Can I sit here? How long has he been a cobbler? So, he was making shoes during the war? Can he tell me about that time? Mr Fassoulas was also an eyewitness to one of the most daring exploits of the Second World War, when two British agents, William Stanley Moss and Patrick Leigh Fermor, assisted by the Greek Resistance, kidnapped the German commander of Crete, General Kreipe.
Disguised as Germans, they passed through 22 checkpoints before climbing to the village of Anogia and spiriting him away to the mountains.
It was a huge propaganda coup for the Allies and later became the basis for the movie, Ill Met By Moonlight.
Did he see General Kreipe pass through? You saw it.
(TRANSLATOR) I saw him.
The Germans pursued them for 18 days.
But they were unable to stop the British taking the commander prisoner and transporting him to Cairo.
In reprisal, it was ordered that every male in Anogia should be executed and that the town itself should be destroyed.
He must have seen the terrible reprisals on this village.
I read that it was razed to the ground.
Did you lose friends? Personal, close friends from this village, during the reprisals? Look at this.
"Order by the German general Commander of the garrison of Crete.
" "Because the town of Anogia is the centre of the English intelligence on Crete and because it was through Anogia that the kidnappers, with General von Kreipe passed using Anogia as a transit camp, we order its complete destruction and the execution of every male person of Anogia who would happen to be within the village and around it within a distance of one kilometer.
" So, that was when .
.
this little village, this tiny town, was completely razed to the ground.
Most of Anogia's 4,000 inhabitants sought safety in the mountains while the Nazis took three weeks to destroy their town.
Patrick Leigh Fermor, one of the two British agents who kidnapped General von Kreipe became a household name.
His daring exploits are still told today.
There's a great story of General von Kreipe watching the dawn one morning, making a great quote and I don't know if it was in Greek, ancient Greek or ancient Latin, and Patrick Leigh Fermor completed the quote and they looked at each other and realised, without a war, they were people with exactly the same kind of background.
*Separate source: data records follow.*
(* Let $k_1,k_2$ be constants with $0<k_2\le 1$ and $8k_2^2+6k_1-3<0$. Let $J'=(z_w,z_w')$ be a nonempty open interval, let $r:J'\to\mathbb{R}$ be differentiable, and let $h:J'\to\mathbb{R}$ be differentiable with $\dot h(z)=1+h(z)^2-2r(z)h(z)$ on $J'$, having exactly one zero $z_*\in J'$. Let $G(z)=z-\dfrac{2h(z)}{2+h(z)^2-2r(z)h(z)}$ and $z_{n+1}=G(z_n)$. (1) If $0<r(z)<k_2$ and $\dot r(z)<k_1$ for all $z\in(z_*,z_w')$, then for every $z_0\in(z_*,z_w')$ the iterates are well defined and $(z_n)$ decreases monotonically to $z_*$. (2) If $-k_2<r(z)<0$ and $\dot r(z)<k_1$ for all $z\in(z_w,z_* )$, then for every $z_0\in(z_w,z_* )$ the iterates are well defined and $(z_n)$ increases monotonically to $z_*$.
   Context: $\dot{}$ denotes differentiation with respect to $z$. Here $h<0$ on $(z_w,z_* )$ and $h>0$ on $(z_*,z_w')$. *)

theory Defs
  imports "HOL-Analysis.Analysis"
begin

definition newton_map :: "(real \<Rightarrow> real) \<Rightarrow> (real \<Rightarrow> real) \<Rightarrow> real \<Rightarrow> real" where
  "newton_map r h z = z - 2 * h z / (2 + (h z)^2 - 2 * r z * h z)"

end

theory Submission
  imports Defs
begin

text \<open>
  Differentiating \<open>G = newton_map r h\<close> and using the Riccati equation for \<open>h\<close> gives
  \<open>G' = h\<^sup>2 Q / D\<^sup>2\<close> with \<open>D = 2 + h\<^sup>2 - 2 r h\<close> and
  \<open>3 Q = (3 h - 4 r)\<^sup>2 + 6 - 4 r\<^sup>2 - 12 r'\<close>.
  For \<open>|r| < k\<^sub>2 \<le> 1\<close> the denominator \<open>D\<close> is positive, and
  \<open>8 k\<^sub>2\<^sup>2 + 6 k\<^sub>1 < 3\<close> makes \<open>Q\<close> positive, so \<open>G\<close> is strictly increasing on
  each side of the zero \<open>z\<^sub>*\<close> of \<open>h\<close>, where \<open>G z\<^sub>* = z\<^sub>*\<close>.
  Right of \<open>z\<^sub>*\<close> this gives \<open>z\<^sub>* < G z < z\<close>, so the iterates decrease to a limit,
  which by continuity is a fixed point of \<open>G\<close>, hence \<open>z\<^sub>*\<close>.
  The left side follows by the reflection \<open>r, h \<mapsto> -r(-z), -h(-z)\<close>, which preserves the
  Riccati equation and conjugates \<open>G\<close> by \<open>z \<mapsto> -z\<close>.
\<close>

lemma newton_map_has_real_derivative:
  fixes r h :: "real \<Rightarrow> real"
  assumes h_deriv: "(h has_real_derivative (1 + (h x)^2 - 2 * r x * h x)) (at x)"
    and r_deriv: "(r has_real_derivative r') (at x)"
    and denom: "2 + (h x)^2 - 2 * r x * h x \<noteq> 0"
  shows "(newton_map r h has_real_derivative
     (h x)^2 * (3 * (h x)^2 - 8 * r x * h x + 4 * (r x)^2 + 2 - 4 * r')
       / (2 + (h x)^2 - 2 * r x * h x)^2) (at x)"
proof -
  define H R where "H = h x" and "R = r x"
  define H' D where "H' = 1 + H^2 - 2 * R * H" and "D = 2 + H^2 - 2 * R * H"
  have "(newton_map r h has_real_derivative
      1 - (2 * H' * D - 2 * H * (2 * H * H' - 2 * (r' * H + R * H'))) / D^2) (at x)"
    unfolding newton_map_def [abs_def] using h_deriv r_deriv denom
    by (auto intro!: derivative_eq_intros simp: H_def R_def H'_def D_def power2_eq_square algebra_simps)
  also have "1 - (2 * H' * D - 2 * H * (2 * H * H' - 2 * (r' * H + R * H'))) / D^2
      = H^2 * (3 * H^2 - 8 * R * H + 4 * R^2 + 2 - 4 * r') / D^2"
    using denom by (simp add: H_def R_def H'_def D_def divide_simps) algebra
  finally show ?thesis by (simp add: H_def R_def D_def)
qed

lemma newton_denominator_pos:
  fixes H R :: real
  assumes "\<bar>R\<bar> < 1"
  shows "0 < 2 + H^2 - 2 * R * H"
proof -
  have "R^2 < 1" using assms by (simp add: abs_square_less_1)
  moreover have "2 + H^2 - 2 * R * H = 1 + (H - R)^2 + (1 - R^2)"
    by (simp add: power2_eq_square algebra_simps)
  ultimately show ?thesis using zero_le_power2[of "H - R"] by linarith
qed

lemma newton_derivative_factor_pos:
  fixes H R r' k1 k2 :: real
  assumes "\<bar>R\<bar> < k2" "r' < k1" "8 * k2^2 + 6 * k1 - 3 < 0"
  shows "0 < 3 * H^2 - 8 * R * H + 4 * R^2 + 2 - 4 * r'"
proof -
  have "R^2 < k2^2" using assms(1) by (intro power2_strict_mono) simp
  then have "0 < 6 - 4 * R^2 - 12 * r'"
    using assms(2,3) zero_le_power2 [of k2] by linarith
  then have "0 < ((3 * H - 4 * R)^2 + (6 - 4 * R^2 - 12 * r')) / 3"
    by (simp add: add_nonneg_pos)
  also have "\<dots> = 3 * H^2 - 8 * R * H + 4 * R^2 + 2 - 4 * r'"
    by (simp add: field_simps power2_eq_square)
  finally show ?thesis .
qed

lemma isCont_newton_map:
  fixes r h :: "real \<Rightarrow> real"
  assumes "isCont h x" "isCont r x" "2 + (h x)^2 - 2 * r x * h x \<noteq> 0"
  shows "isCont (newton_map r h) x"
  unfolding newton_map_def [abs_def] using assms by (intro continuous_intros) auto

lemma has_real_derivative_reflect:
  fixes f :: "real \<Rightarrow> real"
  assumes "(f has_real_derivative f') (at (- x))"
  shows "((\<lambda>z. - f (- z)) has_real_derivative f') (at x)"
  using DERIV_minus [OF assms [unfolded DERIV_mirror]] by simp

lemma funpow_newton_map_reflect:
  "(newton_map (\<lambda>z. - r (- z)) (\<lambda>z. - h (- z)) ^^ n) (- z) = - (newton_map r h ^^ n) z"
  by (induction n) (simp_all add: newton_map_def)

lemma iterates_decrease_to_left_endpoint:
  fixes G :: "real \<Rightarrow> real"
  assumes step: "\<And>z. z \<in> {a<..<c} \<Longrightarrow> a < G z \<and> G z < z"
    and cont: "\<And>z. z \<in> {a<..<c} \<Longrightarrow> isCont G z"
    and z0: "z0 \<in> {a<..<c}"
  shows "\<forall>n. (G ^^ n) z0 \<in> {a<..<c}" "decseq (\<lambda>n. (G ^^ n) z0)" "(\<lambda>n. (G ^^ n) z0) \<longlonglongrightarrow> a"
proof -
  define X where "X n = (G ^^ n) z0" for n
  have X_Suc: "X (Suc n) = G (X n)" for n by (simp add: X_def)
  have X_mem: "X n \<in> {a<..<c}" for n
  proof (induction n)
    case 0
    show ?case using z0 by (simp add: X_def)
  next
    case (Suc n)
    show ?case using step [OF Suc] Suc by (auto simp: X_Suc)
  qed
  have X_dec: "decseq X"
    using step [OF X_mem] by (intro decseq_SucI) (simp add: X_Suc less_imp_le)
  have X_lower: "a \<le> X n" for n
    using X_mem [of n] by simp
  obtain L where L: "X \<longlonglongrightarrow> L" "\<forall>n. L \<le> X n"
    using decseq_convergent [OF X_dec] X_lower by blast
  have "L = a"
  proof (rule ccontr)
    assume "L \<noteq> a"
    moreover have "a \<le> L"
      using X_lower by (intro LIMSEQ_le_const [OF L(1)]) simp
    moreover have "L < c"
      using spec [OF L(2), of 0] X_mem [of 0] by simp
    ultimately have L_mem: "L \<in> {a<..<c}" by simp
    have "(\<lambda>n. G (X n)) \<longlonglongrightarrow> G L"
      using isCont_tendsto_compose [OF cont [OF L_mem] L(1)] .
    moreover have "(\<lambda>n. G (X n)) \<longlonglongrightarrow> L"
      using LIMSEQ_Suc [OF L(1)] by (simp add: X_Suc)
    ultimately have "G L = L" by (rule LIMSEQ_unique)
    then show False using step [OF L_mem] by simp
  qed
  then show "\<forall>n. (G ^^ n) z0 \<in> {a<..<c}" "decseq (\<lambda>n. (G ^^ n) z0)"
    "(\<lambda>n. (G ^^ n) z0) \<longlonglongrightarrow> a"
    using X_mem X_dec L(1) by (simp_all add: X_def [abs_def])
qed

lemma newton_map_iterates_decrease:
  fixes r h r' :: "real \<Rightarrow> real"
  assumes k12: "8 * k2^2 + 6 * k1 - 3 < 0" and k2: "k2 \<le> 1"
    and h_ode: "\<And>z. z \<in> {a..<b} \<Longrightarrow> (h has_real_derivative (1 + (h z)^2 - 2 * r z * h z)) (at z)"
    and r_deriv: "\<And>z. z \<in> {a..<b} \<Longrightarrow> (r has_real_derivative r' z) (at z)"
    and h_zero: "h a = 0"
    and h_pos: "\<And>z. z \<in> {a<..<b} \<Longrightarrow> 0 < h z"
    and r_bound: "\<And>z. z \<in> {a<..<b} \<Longrightarrow> \<bar>r z\<bar> < k2"
    and r'_bound: "\<And>z. z \<in> {a<..<b} \<Longrightarrow> r' z < k1"
    and z0: "z0 \<in> {a<..<b}"
  shows "(\<forall>n. (newton_map r h ^^ n) z0 \<in> {a<..<b}) \<and> decseq (\<lambda>n. (newton_map r h ^^ n) z0)
    \<and> (\<lambda>n. (newton_map r h ^^ n) z0) \<longlonglongrightarrow> a"
proof -
  define G where "G = newton_map r h"
  define D where "D z = 2 + (h z)^2 - 2 * r z * h z" for z
  have D_pos: "0 < D z" if "z \<in> {a<..<b}" for z
    using newton_denominator_pos [of "r z" "h z"] r_bound [OF that] k2 by (simp add: D_def)
  have G_cont: "isCont G z" if "z \<in> {a..<b}" for z
    unfolding G_def
  proof (rule isCont_newton_map)
    show "isCont h z" "isCont r z"
      using h_ode [OF that] r_deriv [OF that] by (auto intro: DERIV_isCont)
    show "2 + (h z)^2 - 2 * r z * h z \<noteq> 0"
      using that h_zero D_pos [of z] by (cases "z = a") (auto simp: D_def)
  qed
  have G_deriv_pos: "\<exists>d. (G has_real_derivative d) (at z) \<and> 0 < d" if "z \<in> {a<..<b}" for z
  proof (intro exI conjI)
    show "(G has_real_derivative
        (h z)^2 * (3 * (h z)^2 - 8 * r z * h z + 4 * (r z)^2 + 2 - 4 * r' z) / (D z)^2) (at z)"
      unfolding G_def D_def using that D_pos [OF that]
      by (intro newton_map_has_real_derivative h_ode r_deriv) (auto simp: D_def)
    show "0 < (h z)^2 * (3 * (h z)^2 - 8 * r z * h z + 4 * (r z)^2 + 2 - 4 * r' z) / (D z)^2"
      using h_pos [OF that] D_pos [OF that]
        newton_derivative_factor_pos [OF r_bound [OF that] r'_bound [OF that] k12] by simp
  qed
  have G_step: "a < G z \<and> G z < z" if z: "z \<in> {a<..<b}" for z
  proof
    have "G a < G z"
    proof (rule DERIV_pos_imp_increasing_open [of a z G])
      show "continuous_on {a..z} G"
        using z G_cont by (intro continuous_at_imp_continuous_on) auto
    qed (use z G_deriv_pos in auto)
    then show "a < G z" by (simp add: G_def newton_map_def h_zero)
    show "G z < z"
      using h_pos [OF z] D_pos [OF z] by (simp add: G_def D_def newton_map_def)
  qed
  show ?thesis
    using iterates_decrease_to_left_endpoint [of a b G z0, OF G_step] G_cont z0
    unfolding G_def by auto
qed

lemma newton_map_iterates_increase:
  fixes r h r' :: "real \<Rightarrow> real"
  assumes k12: "8 * k2^2 + 6 * k1 - 3 < 0" and k2: "k2 \<le> 1"
    and h_ode: "\<And>z. z \<in> {a<..b} \<Longrightarrow> (h has_real_derivative (1 + (h z)^2 - 2 * r z * h z)) (at z)"
    and r_deriv: "\<And>z. z \<in> {a<..b} \<Longrightarrow> (r has_real_derivative r' z) (at z)"
    and h_zero: "h b = 0"
    and h_neg: "\<And>z. z \<in> {a<..<b} \<Longrightarrow> h z < 0"
    and r_bound: "\<And>z. z \<in> {a<..<b} \<Longrightarrow> \<bar>r z\<bar> < k2"
    and r'_bound: "\<And>z. z \<in> {a<..<b} \<Longrightarrow> r' z < k1"
    and z0: "z0 \<in> {a<..<b}"
  shows "(\<forall>n. (newton_map r h ^^ n) z0 \<in> {a<..<b}) \<and> incseq (\<lambda>n. (newton_map r h ^^ n) z0)
    \<and> (\<lambda>n. (newton_map r h ^^ n) z0) \<longlonglongrightarrow> b"
proof -
  let ?r = "\<lambda>z. - r (- z)" and ?h = "\<lambda>z. - h (- z)"
  have h_ode': "(?h has_real_derivative (1 + (?h z)^2 - 2 * ?r z * ?h z)) (at z)"
    if "z \<in> {- b..<- a}" for z
    using has_real_derivative_reflect [OF h_ode [of "- z"]] that by simp
  have r_deriv': "(?r has_real_derivative r' (- z)) (at z)" if "z \<in> {- b..<- a}" for z
    using has_real_derivative_reflect [OF r_deriv [of "- z"]] that by simp
  have "0 < ?h z" "\<bar>?r z\<bar> < k2" "r' (- z) < k1" if "z \<in> {- b<..<- a}" for z
    using h_neg [of "- z"] r_bound [of "- z"] r'_bound [of "- z"] that by auto
  from newton_map_iterates_decrease
      [where a = "- b" and b = "- a" and ?z0.0 = "- z0", OF k12 k2 h_ode' r_deriv' _ this]
  show ?thesis
    using h_zero z0
    by (auto simp: funpow_newton_map_reflect monotone_on_def tendsto_minus_cancel_left [symmetric])
qed

theorem theorem3p7:
  fixes k1 k2 zw zw' zs :: real and r h :: "real \<Rightarrow> real"
  assumes k2: "0 < k2" "k2 \<le> 1"
    and k12: "8 * k2^2 + 6 * k1 - 3 < 0"
    and J: "zw < zw'"
    and rdiff: "\<forall>z\<in>{zw<..<zw'}. r differentiable (at z)"
    and hode: "\<forall>z\<in>{zw<..<zw'}. (h has_real_derivative (1 + (h z)^2 - 2 * r z * h z)) (at z)"
    and zs: "zs \<in> {zw<..<zw'}" "h zs = 0"
    and zs_unique: "\<forall>z\<in>{zw<..<zw'}. h z = 0 \<longrightarrow> z = zs"
    and hneg: "\<forall>z\<in>{zw<..<zs}. h z < 0"
    and hpos: "\<forall>z\<in>{zs<..<zw'}. h z > 0"
  shows
    "((\<forall>z\<in>{zs<..<zw'}. 0 < r z \<and> r z < k2 \<and> deriv r z < k1) \<longrightarrow>
       (\<forall>z0\<in>{zs<..<zw'}.
          (\<forall>n. (newton_map r h ^^ n) z0 \<in> {zw<..<zw'} \<and>
               2 + (h ((newton_map r h ^^ n) z0))^2
                 - 2 * r ((newton_map r h ^^ n) z0) * h ((newton_map r h ^^ n) z0) \<noteq> 0)
          \<and> decseq (\<lambda>n. (newton_map r h ^^ n) z0)
          \<and> (\<lambda>n. (newton_map r h ^^ n) z0) \<longlonglongrightarrow> zs))
     \<and>
     ((\<forall>z\<in>{zw<..<zs}. -k2 < r z \<and> r z < 0 \<and> deriv r z < k1) \<longrightarrow>
       (\<forall>z0\<in>{zw<..<zs}.
          (\<forall>n. (newton_map r h ^^ n) z0 \<in> {zw<..<zw'} \<and>
               2 + (h ((newton_map r h ^^ n) z0))^2
                 - 2 * r ((newton_map r h ^^ n) z0) * h ((newton_map r h ^^ n) z0) \<noteq> 0)
          \<and> incseq (\<lambda>n. (newton_map r h ^^ n) z0)
          \<and> (\<lambda>n. (newton_map r h ^^ n) z0) \<longlonglongrightarrow> zs))"
proof -
  define X where "X z0 n = (newton_map r h ^^ n) z0" for z0 n
  define D where "D z = 2 + (h z)^2 - 2 * r z * h z" for z
  have r_deriv: "(r has_real_derivative deriv r z) (at z)" if "z \<in> {zw<..<zw'}" for z
    using rdiff that by (simp add: DERIV_deriv_iff_real_differentiable)
  have D_ne: "D z \<noteq> 0" if "\<bar>r z\<bar> < k2" for z
    using newton_denominator_pos [of "r z" "h z"] that k2(2) by (simp add: D_def)
  have right: "(\<forall>n. X z0 n \<in> {zw<..<zw'} \<and> D (X z0 n) \<noteq> 0) \<and> decseq (X z0) \<and> X z0 \<longlonglongrightarrow> zs"
    if r_right: "\<forall>z\<in>{zs<..<zw'}. 0 < r z \<and> r z < k2 \<and> deriv r z < k1"
      and z0: "z0 \<in> {zs<..<zw'}" for z0
  proof -
    have r_bounds: "\<bar>r z\<bar> < k2" "deriv r z < k1" if "z \<in> {zs<..<zw'}" for z
      using bspec [OF r_right that] by auto
    have "(\<forall>n. X z0 n \<in> {zs<..<zw'}) \<and> decseq (X z0) \<and> X z0 \<longlonglongrightarrow> zs"
      unfolding X_def [abs_def]
      by (rule newton_map_iterates_decrease [where r' = "deriv r", OF k12 k2(2)])
        (use zs hode r_deriv hpos z0 r_bounds in auto)
    then show ?thesis using zs(1) r_bounds(1) D_ne by (fastforce intro: less_trans)
  qed
  have left: "(\<forall>n. X z0 n \<in> {zw<..<zw'} \<and> D (X z0 n) \<noteq> 0) \<and> incseq (X z0) \<and> X z0 \<longlonglongrightarrow> zs"
    if r_left: "\<forall>z\<in>{zw<..<zs}. -k2 < r z \<and> r z < 0 \<and> deriv r z < k1"
      and z0: "z0 \<in> {zw<..<zs}" for z0
  proof -
    have r_bounds: "\<bar>r z\<bar> < k2" "deriv r z < k1" if "z \<in> {zw<..<zs}" for z
      using bspec [OF r_left that] by auto
    have "(\<forall>n. X z0 n \<in> {zw<..<zs}) \<and> incseq (X z0) \<and> X z0 \<longlonglongrightarrow> zs"
      unfolding X_def [abs_def]
      by (rule newton_map_iterates_increase [where r' = "deriv r", OF k12 k2(2)])
        (use zs hode r_deriv hneg z0 r_bounds in auto)
    then show ?thesis using zs(1) r_bounds(1) D_ne by (fastforce intro: less_trans)
  qed
  show ?thesis
    using right left unfolding X_def [abs_def] D_def by blast
qed

end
Vital to the operation to kidnap the General was the Crete Resistance.
When they weren't fighting the Germans, they lay low in the mountains, living with the shepherds.
The shepherd's descendants still tend their flocks as they would have done during the war.
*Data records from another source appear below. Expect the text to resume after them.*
(* A pdCG is a pair of a partition of V and a partition of some edge set E, both with classes
   that are singletons or two-element tau-orbits. Such partitions are counted orbit by orbit:
   a partition never mixes two orbits of an involution, so it is the union of independent
   choices on each orbit. A vertex orbit {i, tau i} is one class or two singletons (2 choices);
   the edge (i, tau i) is fixed by tau and is absent or a singleton (2 choices); a two-element
   edge orbit {e, tau e} admits 5 choices. For p = 2h there are h vertex orbits, h fixed edges
   and h(h - 1) two-element edge orbits, so the count is 2^h * 2^h * 5^(h(h-1)); the binomial
   theorem for 5 = 1 + 4 turns 2^h * 5^(h(h-1)) into the stated sum. *)

definition involution_on :: "'a set \<Rightarrow> ('a \<Rightarrow> 'a) \<Rightarrow> bool" where
  "involution_on S \<sigma> \<longleftrightarrow> (\<forall>s\<in>S. \<sigma> s \<in> S \<and> \<sigma> (\<sigma> s) = s)"

definition orbit_classes :: "('a \<Rightarrow> 'a) \<Rightarrow> 'a set set \<Rightarrow> bool" where
  "orbit_classes \<sigma> Q \<longleftrightarrow> (\<forall>c\<in>Q. (\<exists>e. c = {e}) \<or> (\<exists>e. c = {e, \<sigma> e} \<and> e \<noteq> \<sigma> e))"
(GREEK GREETINGS) One of the shepherds, Manolis, is taking me to the very same pastures.
We're going up in this, it's a 4x4.
The track gets very tough from here on.
It's easy to see how the Resistance fighters could have melted away into this landscape.
(BARKING) Thank you.
(INTRODUCTIONS) This way of life hasn't changed much for centuries.
Cretan Resistance fighters would have had to live much like these shepherds to today on a basic diet of meat and cheese.
Can I feel it? Yes, yes.
It feels, at the moment, like milk.
But, presumably, with this heat underneath it, it's going to thicken up like custard.
I see.
Woman's task.
Men sitting watching meat, women stirring.
I see.
Special sheep-milking trousers going on here.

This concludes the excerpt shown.